(Task details): Up to and including the line with "using decompose_mod_L[OF hcomp_K", output the records exactly as they appear.

(Supplied information):
BEGIN

lemma gauge_refine_step:
  assumes f: "f \<in> solutions" and g: "g \<in> solutions" and s: "s \<in> k_even" and l: "l \<in> L \<inter> k_odd"
    and a: "a \<le> 0" "even a" and close: "g - (gauge s f + l) \<in> fil a"
  shows "\<exists>s'\<in>k_even. \<exists>l'\<in>L \<inter> k_odd. g - (gauge s' f + l') \<in> fil (a - 2)"
proof -
  define h where "h = gauge s f + l"
  have h: "h \<in> solutions" unfolding h_def by (rule gauge_translate_solution[OF f s l])
  have "g - h \<in> k_odd"
    using g h subspace_diff[OF subspace_gp] by (simp add: solutions_def)
  then have "hcomp a (g - h) = 0" using a by (simp add: gp_hcomp_zero)
  then have gh: "g - h \<in> fil (a - 1)"
    using fil_diff_hcomp[of "g - h" a] close by (simp add: h_def)
  obtain x y where x: "x \<in> L" "x \<in> K (a - 1)" and y: "y \<in> K (a - 1 - 1)"
    and D: "hcomp (a - 1) (g - h) = x + d y"
    using decompose_mod_L[OF hcomp_K d_hcomp_solution_diff[OF g h gh a(1)]] by blast
  have neg_y: "- y \<in> fil (- (2 - a))"
    by (rule K_fil[OF subspace_neg[OF subspace_K y]]) simp
  have f_odd: "f \<in> k_odd" using f by (simp add: solutions_def)
  have perturb: "gauge (s + - y) f - gauge s f + d (- y) \<in> fil (a - 2)"
    by (rule fil_mono[OF _ gauge_perturb[OF k_even_fil[OF s] neg_y _ k_odd_fil[OF f_odd]]])
      (use a in simp_all)
  have lower: "g - h - hcomp (a - 1) (g - h) \<in> fil (a - 2)"
    using fil_diff_hcomp[OF gh] by simp
  have "g - (gauge (s + - y) f + (l + x))
      = (g - h - (x + d y)) - (gauge (s + - y) f - gauge s f + d (- y))"
    by (simp add: h_def d_neg algebra_simps)
  then have "g - (gauge (s + - y) f + (l + x))
      = (g - h - hcomp (a - 1) (g - h)) - (gauge (s + - y) f - gauge s f + d (- y))"
    by (simp only: D)
  then have "g - (gauge (s + - y) f + (l + x)) \<in> fil (a - 2)"
    by (simp only:) (rule subspace_diff[OF subspace_gp lower perturb])
  moreover have "s + - y \<in> k_even"
    using y a by (intro subspace_add[OF subspace_gp s] K_gp[OF _ subspace_neg[OF subspace_K y]]) auto
  moreover have "x \<in> k_odd"
    by (rule K_gp[OF _ x(2)]) (use a in simp)
  then have "l + x \<in> L \<inter> k_odd"
    using l x(1) subspace_add[OF subspace_L] subspace_add[OF subspace_gp] by blast
  ultimately show ?thesis by blast
qed

lemma gauge_transitive:
  assumes f: "f \<in> solutions" and g: "g \<in> solutions"
  shows "\<exists>s\<in>k_even. \<exists>l\<in>L \<inter> k_odd. g = gauge s f + l"
proof -
  have "\<exists>p\<in>k_even \<times> (L \<inter> k_odd). g - (gauge (fst p) f + snd p) \<in> fil (- 2 * int (Suc N))"
  proof (rule descending_even_induction[of "(0, 0)"])
    show "(0, 0) \<in> k_even \<times> (L \<inter> k_odd)"
      by (simp add: subspace_0[OF subspace_gp] subspace_0[OF subspace_L])
  next
    fix p a
    assume "p \<in> k_even \<times> (L \<inter> k_odd)" "a \<le> 0" "even a" "g - (gauge (fst p) f + snd p) \<in> fil a"
    then show "\<exists>q\<in>k_even \<times> (L \<inter> k_odd). g - (gauge (fst q) f + snd q) \<in> fil (a - 2)"
      using gauge_refine_step[OF f g] by (cases p) fastforce
  qed (simp add: fil_top)
  then obtain s l where "s \<in> k_even" "l \<in> L \<inter> k_odd"
    and "g - (gauge s f + l) \<in> fil (- 2 * int (Suc N))"
    by auto
  moreover from this(3) have "g - (gauge s f + l) = 0"
    by (rule fil_bottom) simp
  ultimately show ?thesis by auto
qed

end

theorem theorem3p8:
  fixes scale :: "'k::field_char_0 \<Rightarrow> 'v::ab_group_add \<Rightarrow> 'v"
    and K :: "int \<Rightarrow> 'v set" and N :: nat
    and br :: "'v \<Rightarrow> 'v \<Rightarrow> 'v" and d :: "'v \<Rightarrow> 'v"
    and L :: "'v set" and X :: "'v"
  assumes dg: "dgla scale K N br d"
    and L_sub: "module.subspace scale L"
    and L_graded: "L = module.span scale (\<Union>i. L \<inter> K i)"
    and L_center: "L \<subseteq> center br"
    and L_closed: "\<forall>x\<in>L. d x = 0"
    and L_qis: "quasi_iso_incl scale K d L"
    and X_center: "X \<in> center br"
    and X_even: "X \<in> graded_part scale K even"
    and X_closed: "d X = 0"
  defines "kodd \<equiv> graded_part scale K (\<lambda>i. i < 0 \<and> odd i)"
    and "keven \<equiv> graded_part scale K (\<lambda>i. i < 0 \<and> even i)"
    and "lodd \<equiv> L \<inter> graded_part scale K (\<lambda>i. i < 0 \<and> odd i)"
    and "S \<equiv> {f \<in> graded_part scale K (\<lambda>i. i < 0 \<and> odd i).
               d f + scale (1/2) (br f f) - X \<in> L}"
  shows "(S \<noteq> {}
          \<and> (\<forall>s\<in>keven. \<forall>l\<in>lodd. \<forall>f\<in>S. gauge_act scale br d (Suc N) s f + l \<in> S)
          \<and> (\<forall>f\<in>S. \<forall>g\<in>S. \<exists>s\<in>keven. \<exists>l\<in>lodd. g = gauge_act scale br d (Suc N) s f + l))
         \<and> (\<forall>f\<in>S. \<forall>g\<in>S. d f + scale (1/2) (br f f) - X = d g + scale (1/2) (br g g) - X)"
proof -
  interpret maurer_cartan_mod_L scale K N br d L X
    by (intro maurer_cartan_mod_L.intro maurer_cartan_mod_L_axioms.intro dgla_imp_bounded_dgla dg L_sub L_graded
        L_center L_closed L_qis X_center X_even X_closed)
  have S: "S = solutions" and curv: "\<And>f. d f + scale (1/2) (br f f) = curv f"
    by (simp_all add: S_def solutions_def curv_def)
  show ?thesis
    unfolding S curv keven_def lodd_def
  proof (intro conjI ballI)
    show "solutions \<noteq> {}" by (rule solutions_nonempty)
  next
    fix s l f assume "s \<in> k_even" "l \<in> L \<inter> k_odd" "f \<in> solutions"
    then show "gauge s f + l \<in> solutions" by (simp add: gauge_translate_solution)
  next
    fix f g assume "f \<in> solutions" "g \<in> solutions"
    then show "\<exists>s\<in>k_even. \<exists>l\<in>L \<inter> k_odd. g = gauge s f + l" by (rule gauge_transitive)
  next
    fix f g assume f: "f \<in> solutions" and "g \<in> solutions"
    then obtain s l where "s \<in> k_even" "l \<in> L \<inter> k_odd" "g = gauge s f + l"
      using gauge_transitive by blast
    then show "curv f - X = curv g - X" using curv_gauge_translate[OF f] by simp
  qed
qed

end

END

(Response to the task):
lemma gauge_refine_step:
  assumes f: "f \<in> solutions" and g: "g \<in> solutions" and s: "s \<in> k_even" and l: "l \<in> L \<inter> k_odd"
    and a: "a \<le> 0" "even a" and close: "g - (gauge s f + l) \<in> fil a"
  shows "\<exists>s'\<in>k_even. \<exists>l'\<in>L \<inter> k_odd. g - (gauge s' f + l') \<in> fil (a - 2)"
proof -
  define h where "h = gauge s f + l"
  have h: "h \<in> solutions" unfolding h_def by (rule gauge_translate_solution[OF f s l])
  have "g - h \<in> k_odd"
    using g h subspace_diff[OF subspace_gp] by (simp add: solutions_def)
  then have "hcomp a (g - h) = 0" using a by (simp add: gp_hcomp_zero)
  then have gh: "g - h \<in> fil (a - 1)"
    using fil_diff_hcomp[of "g - h" a] close by (simp add: h_def)
  obtain x y where x: "x \<in> L" "x \<in> K (a - 1)" and y: "y \<in> K (a - 1 - 1)"
    and D: "hcomp (a - 1) (g - h) = x + d y"
    using decompose_mod_L[OF hcomp_K d_hcomp_solution_diff[OF g h gh a(1)]] by blast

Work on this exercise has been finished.